Stowarzyszenie mukowiscydozy z nieprawidłowościami w metabolizmie kwasów tłuszczowych cd

W sumie 24 zdrowe kontrole zostały zwerbowane w obu miejscach po przeglądzie ich historii medycznej. Kryteria wykluczające dla wszystkich osób kontrolnych obejmowały wywiad rodzinny z mukowiscydozą lub cechami zgodnymi z obecnością mukowiscydozy (przewlekła choroba płuc, niepłodność u mężczyzn, przewlekłe zapalenie zatok i przewlekłe zapalenie trzustki) lub stosowanie leków wpływających na kwasy tłuszczowe (kortykosteroidy ogólnoustrojowe, izotretinoina i ursodiol). Zamówienia tkanek
Jeden lekarz otrzymał próbki do biopsji nosowej (około 3 mm) od dolnego małżowiny nosowej po iniekcji podśluzówkowej 1% lidokainy. Mniejsze wyniki zastosowano w przypadku małżowin nosowych dolnych, ponieważ jest to miejsce, w którym funkcja CFTR jest badana bezpośrednio u pacjentów z mukowiscydozą poprzez testowanie różnic w potencjale nosowym.21 Tkanka odbytnicza, która również wyraża CFTR, 22,23 została uzyskana za pomocą biopsji ssącej cewnik umieszczony 5 cm od brzegu odbytu. Wszystkie próbki biopsji natychmiast umieszczono w szklanej fiolce zawierającej 1,2 ml chloroformu-metanolu (2: obj./obj.) Zawierającego 30 .l kwasu heptadekanowego (1 mg na mililitr) (17: 0) w chloroformie-metanolu (1: vol / vol) jako standard wewnętrzny. Nie wystąpiły żadne komplikacje.

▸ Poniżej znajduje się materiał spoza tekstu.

text \<open>Smoothness of \<open>g\<^sup>-\<^sup>1\<close> is shown coinductively: by \<open>dd_ginv\<close>, the algebra generated by
  the smooth functions and the entries of \<open>g\<^sup>-\<^sup>1\<close> is closed under \<open>dd\<close>.\<close>

inductive_set ginv_algebra :: "('n pt \<Rightarrow> real) set" where
  smooth: "smooth_on_pt U h \<Longrightarrow> h \<in> ginv_algebra"
| ginv: "ginv g a b \<in> ginv_algebra"
| add: "f \<in> ginv_algebra \<Longrightarrow> h \<in> ginv_algebra \<Longrightarrow> (\<lambda>q. f q + h q) \<in> ginv_algebra"
| mult: "f \<in> ginv_algebra \<Longrightarrow> h \<in> ginv_algebra \<Longrightarrow> (\<lambda>q. f q * h q) \<in> ginv_algebra"

lemma ginv_algebra_sum:
  "finite S \<Longrightarrow> (\<And>i. i \<in> S \<Longrightarrow> f i \<in> ginv_algebra) \<Longrightarrow> (\<lambda>q. \<Sum>i\<in>S. f i q) \<in> ginv_algebra"
  by (induction S rule: finite_induct) (auto intro: ginv_algebra.intros smooth_on_pt_const)

lemma ginv_algebra_differentiable: "h \<in> ginv_algebra \<Longrightarrow> p \<in> U \<Longrightarrow> h differentiable (at p)"
  by (induction rule: ginv_algebra.induct)
    (auto intro: smooth_on_pt_differentiable differentiable_ginv)

lemma ginv_algebra_dd_closed:
  assumes "h \<in> ginv_algebra"
  shows "\<exists>h'\<in>ginv_algebra. \<forall>p\<in>U. dd d h p = h' p"
  using assms
proof (induction rule: ginv_algebra.induct)
  case (smooth h)
  then show ?case using smooth_on_pt_dd ginv_algebra.smooth by blast
next
  case (ginv a c)
  have "(\<lambda>q. - 1 * (\<Sum>b\<in>UNIV. \<Sum>k\<in>UNIV. ginv g a k q * dd d (g k b) q * ginv g b c q)) \<in> ginv_algebra"
    by (intro ginv_algebra.intros ginv_algebra_sum smooth_on_pt_const smooth_on_pt_dd smooth_g finite)
  then show ?case using dd_ginv by force
next
  case (add f h)
  then obtain f' h' where "f' \<in> ginv_algebra" "\<forall>p\<in>U. dd d f p = f' p"
    and "h' \<in> ginv_algebra" "\<forall>p\<in>U. dd d h p = h' p" by blast
  with add.hyps show ?case
    by (intro bexI[of _ "\<lambda>q. f' q + h' q"]) (auto simp: dd_add ginv_algebra_differentiable intro: ginv_algebra.add)
next
  case (mult f h)
  then obtain f' h' where "f' \<in> ginv_algebra" "\<forall>p\<in>U. dd d f p = f' p"
    and "h' \<in> ginv_algebra" "\<forall>p\<in>U. dd d h p = h' p" by blast
  with mult.hyps show ?case
    by (intro bexI[of _ "\<lambda>q. f q * h' q + f' q * h q"])
      (auto simp: dd_mult ginv_algebra_differentiable intro: ginv_algebra.add ginv_algebra.mult)
qed

lemma smooth_ginv: "smooth_on_pt U (ginv g a b)"
  by (rule smooth_on_pt_coinduct[OF open_U ginv_algebra_differentiable ginv_algebra_dd_closed ginv_algebra.ginv])

lemma dd_gdet:
  assumes p: "p \<in> U"
  shows "dd d (gdet g) p = gdet g p * (\<Sum>i\<in>UNIV. \<Sum>k\<in>UNIV. ginv g k i p * dd d (g i k) p)"
proof -
  have "dd d (gdet g) p = (\<Sum>i\<in>UNIV. det (\<chi> j. if j = i then (\<chi> k. dd d (\<lambda>q. gmat g q $ i $ k) p) else gmat g p $ j))"
    unfolding gdet_def[abs_def] by (rule dd_det) (simp add: gmat_def differentiable_g[OF p])
  also have "\<dots> = (\<Sum>i\<in>UNIV. ((\<chi> k. dd d (g i k) p) v* matrix_inv (gmat g p)) $ i * gdet g p)"
    by (simp add: det_row_replace[OF invertible_gmat[OF p]] gdet_def gmat_def)
  also have "\<dots> = gdet g p * (\<Sum>i\<in>UNIV. \<Sum>k\<in>UNIV. ginv g k i p * dd d (g i k) p)"
    by (simp add: vector_matrix_mult_def ginv_def sum_distrib_left mult_ac)
  finally show ?thesis .
qed

lemma dd_ln_gdet:
  assumes p: "p \<in> U"
  shows "dd d (\<lambda>q. ln (gdet g q)) p = (\<Sum>i\<in>UNIV. \<Sum>k\<in>UNIV. ginv g k i p * dd d (g i k) p)"
proof -
  obtain D where D: "(gdet g has_derivative D) (at p)"
    using differentiable_gdet[OF p] differentiable_def by blast
  have "((\<lambda>q. ln (gdet g q)) has_derivative (\<lambda>y. inverse (gdet g p) * D y)) (at p)"
    using has_derivative_compose[OF D DERIV_ln[OF gdet_pos[OF p], unfolded has_field_derivative_def]] .
  then have "dd d (\<lambda>q. ln (gdet g q)) p = inverse (gdet g p) * dd d (gdet g) p"
    using dd_eq_derivative[OF D] dd_eq_derivative by simp
  then show ?thesis using dd_gdet[OF p] gdet_pos[OF p] by simp
qed

lemma q2_pos:
  assumes p: "p \<in> U" and \<xi>: "\<xi> \<noteq> 0"
  shows "q2 g p \<xi> > 0"
proof -
  define G where "G = gmat g p"
  define y where "y = matrix_inv G *v \<xi>"
  have Gy: "G *v y = \<xi>"
    using matrix_inv_right[OF invertible_gmat[OF p]] by (simp add: y_def G_def matrix_vector_mul_assoc)
  then have "y \<noteq> 0" using \<xi> by auto
  have "q2 g p \<xi> = (\<Sum>a\<in>UNIV. \<xi> $ a * y $ a)"
    by (simp add: q2_def y_def matrix_vector_mult_def sum_distrib_left ginv_def G_def mult_ac)
  also have "\<dots> = quad_form G y"
    by (simp add: Gy[symmetric] quad_form_def matrix_vector_mult_def sum_distrib_left sum_distrib_right mult_ac)
  also have "\<dots> > 0" using posdef_gmat[OF p] \<open>y \<noteq> 0\<close> by (simp add: G_def posdef_def)
  finally show ?thesis .
qed

end

section \<open>Multi-indices and atoms\<close>

definition univ_list :: "('n::{finite,linorder}) list" where
  "univ_list = sorted_list_of_set UNIV"

lemma sum_list_univ_list: "(\<Sum>\<alpha>\<leftarrow>univ_list. f \<alpha>) = (\<Sum>\<alpha>\<in>UNIV. f \<alpha>)"
  by (simp add: univ_list_def sum_list_distinct_conv_sum_set)

definition mi_unit :: "'n \<Rightarrow> 'n \<Rightarrow> nat" where
  "mi_unit \<alpha> = (\<lambda>\<beta>. if \<beta> = \<alpha> then 1 else 0)"

lemma mset_mi_list: "mset (mi_list K) = (\<Sum>\<alpha>\<in>UNIV. replicate_mset (K \<alpha>) \<alpha>)"
  unfolding mi_list_def univ_list_def[symmetric] mset_concat
  by (simp add: o_def sum_list_univ_list)

lemma length_mi_list: "length (mi_list K) = mi_abs K"
  by (simp add: mi_list_def length_concat univ_list_def[symmetric] o_def sum_list_univ_list mi_abs_def)

lemma mset_mi_list_incr:
  fixes K :: "'n::{finite,linorder} \<Rightarrow> nat"
  shows "mset (mi_list (K(\<gamma> := Suc (K \<gamma>)))) = mset (mi_list K) + {#\<gamma>#}"
proof -
  have "(\<Sum>\<alpha>\<in>UNIV. replicate_mset ((K(\<gamma> := Suc (K \<gamma>))) \<alpha>) \<alpha>)
     = (\<Sum>\<alpha>\<in>UNIV. replicate_mset (K \<alpha>) \<alpha> + (if \<alpha> = \<gamma> then {#\<gamma>#} else {#}))"
    by (rule sum.cong) auto
  then show ?thesis by (simp add: mset_mi_list sum.distrib)
qed

lemma mi_list_zero [simp]: "mi_list (\<lambda>_. 0) = []"
  by (simp add: mi_list_def)

lemma mi_list_unit [simp]: "mi_list (mi_unit \<gamma>) = [\<gamma>]"
proof -
  have "mi_unit \<gamma> = (\<lambda>_. 0)(\<gamma> := Suc 0)" by (auto simp: mi_unit_def)
  then have "mset (mi_list (mi_unit \<gamma>)) = {#\<gamma>#}"
    using mset_mi_list_incr[of "\<lambda>_. 0" \<gamma>] by simp
  then show ?thesis by (cases "mi_list (mi_unit \<gamma>)") auto
qed

lemma mi_abs_incr: "mi_abs (K(\<gamma> := Suc (K \<gamma>))) = Suc (mi_abs K)"
  by (simp add: mi_abs_def sum.remove[of UNIV \<gamma>] sum.cong[OF refl, of "UNIV - {\<gamma>}" "K(\<gamma> := Suc (K \<gamma>))" K])

lemma mi_abs_decr: "K \<gamma> \<noteq> 0 \<Longrightarrow> Suc (mi_abs (K(\<gamma> := K \<gamma> - 1))) = mi_abs K"
  using mi_abs_incr[of "K(\<gamma> := K \<gamma> - 1)" \<gamma>] by (simp add: fun_upd_idem)

lemma mi_abs_add: "mi_abs (\<lambda>\<alpha>. K \<alpha> + L \<alpha>) = mi_abs K + mi_abs L"
  by (simp add: mi_abs_def sum.distrib)

lemma mi_abs_unit [simp]: "mi_abs (mi_unit \<gamma>) = 1"
  by (simp add: mi_abs_def mi_unit_def)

Skrawki błony śluzowej nosa z dolnej małżowiny usznej uzyskano za pomocą plastikowej Rhinoprobe (Arlington Scientific). Rząd komórek o wielkości 2 cm zdrapano z dolnej małżowiny nosowej, jak opisano poprzednio, w celu oczyszczenia matrycowego RNA CFTR, 24 i tę procedurę powtarzano pięć do ośmiu razy w celu uzyskania wystarczającej tkanki. Skrobania umieszczono w 10 ml sterylnej normalnej soli fizjologicznej i wirowano przy 400 x g przez pięć minut w temperaturze pokojowej; Osad komórkowy przemyto jeden raz, a następnie poddano obróbce w celu analizy kwasów tłuszczowych po ekstrakcji chloroformem-metanolem.
Analiza krwi i lipidów
Krew żylną obwodową uzyskano od osobników w czasie biopsji lub skrobania błony śluzowej nosa, zebrano w probówce traktowanej heparyną i wirowano przy 400 x g przez 15 minut w temperaturze pokojowej. Osocze następnie usunięto, a lipidy ekstrahowano przez dodanie chloroform-metanol (2: obj./obj.). Próbki lipidów następnie zworteksowano, poddano sonikacji i odwirowano przy 400 x 2,55. Fazę organiczną każdej próbki usunięto, a kwasy tłuszczowe poddano metylacji.25 Estry metylowe kwasów tłuszczowych oznaczono ilościowo metodą chromatografii gazowej ze spektrometrią masową z użyciem chromatograf gazowy (HP5890 Series II, Hewlett-Packard) wyposażony w kolumnę kapilarną Supelcowax SP-10 (Supelco) podłączoną do spektrometru mas (HP-5971, Hewlett-Packard). Dokonano całkowitego monitorowania jonów, obejmującego zakresy mas od 50 do 550 jednostek masy atomowej. Masę estrów metylowych kwasów tłuszczowych określono przez porównanie obszarów nieznanych estrów metylowych kwasów tłuszczowych z ustalonym stężeniem wzorca wewnętrznego (odpowiednik 30 .g kwasu heptadekanowego do próbek z biopsji nosa i odbytnicy i 15 .g dla zeskanowanych próbek błony śluzowej nosa i osocze). Wszystkie próbki analizowano w sposób zaślepiony. Dodatkowo próbki z różnych grup osobników zostały zmieszane z seriami testów.
Analiza statystyczna
Charakterystyki demograficzne podsumowano jako średnie (. SD) i porównano między grupami za pomocą analizy wariancji
[więcej w: bromazepam, oprogramowanie stomatologiczne, bimatoprost ]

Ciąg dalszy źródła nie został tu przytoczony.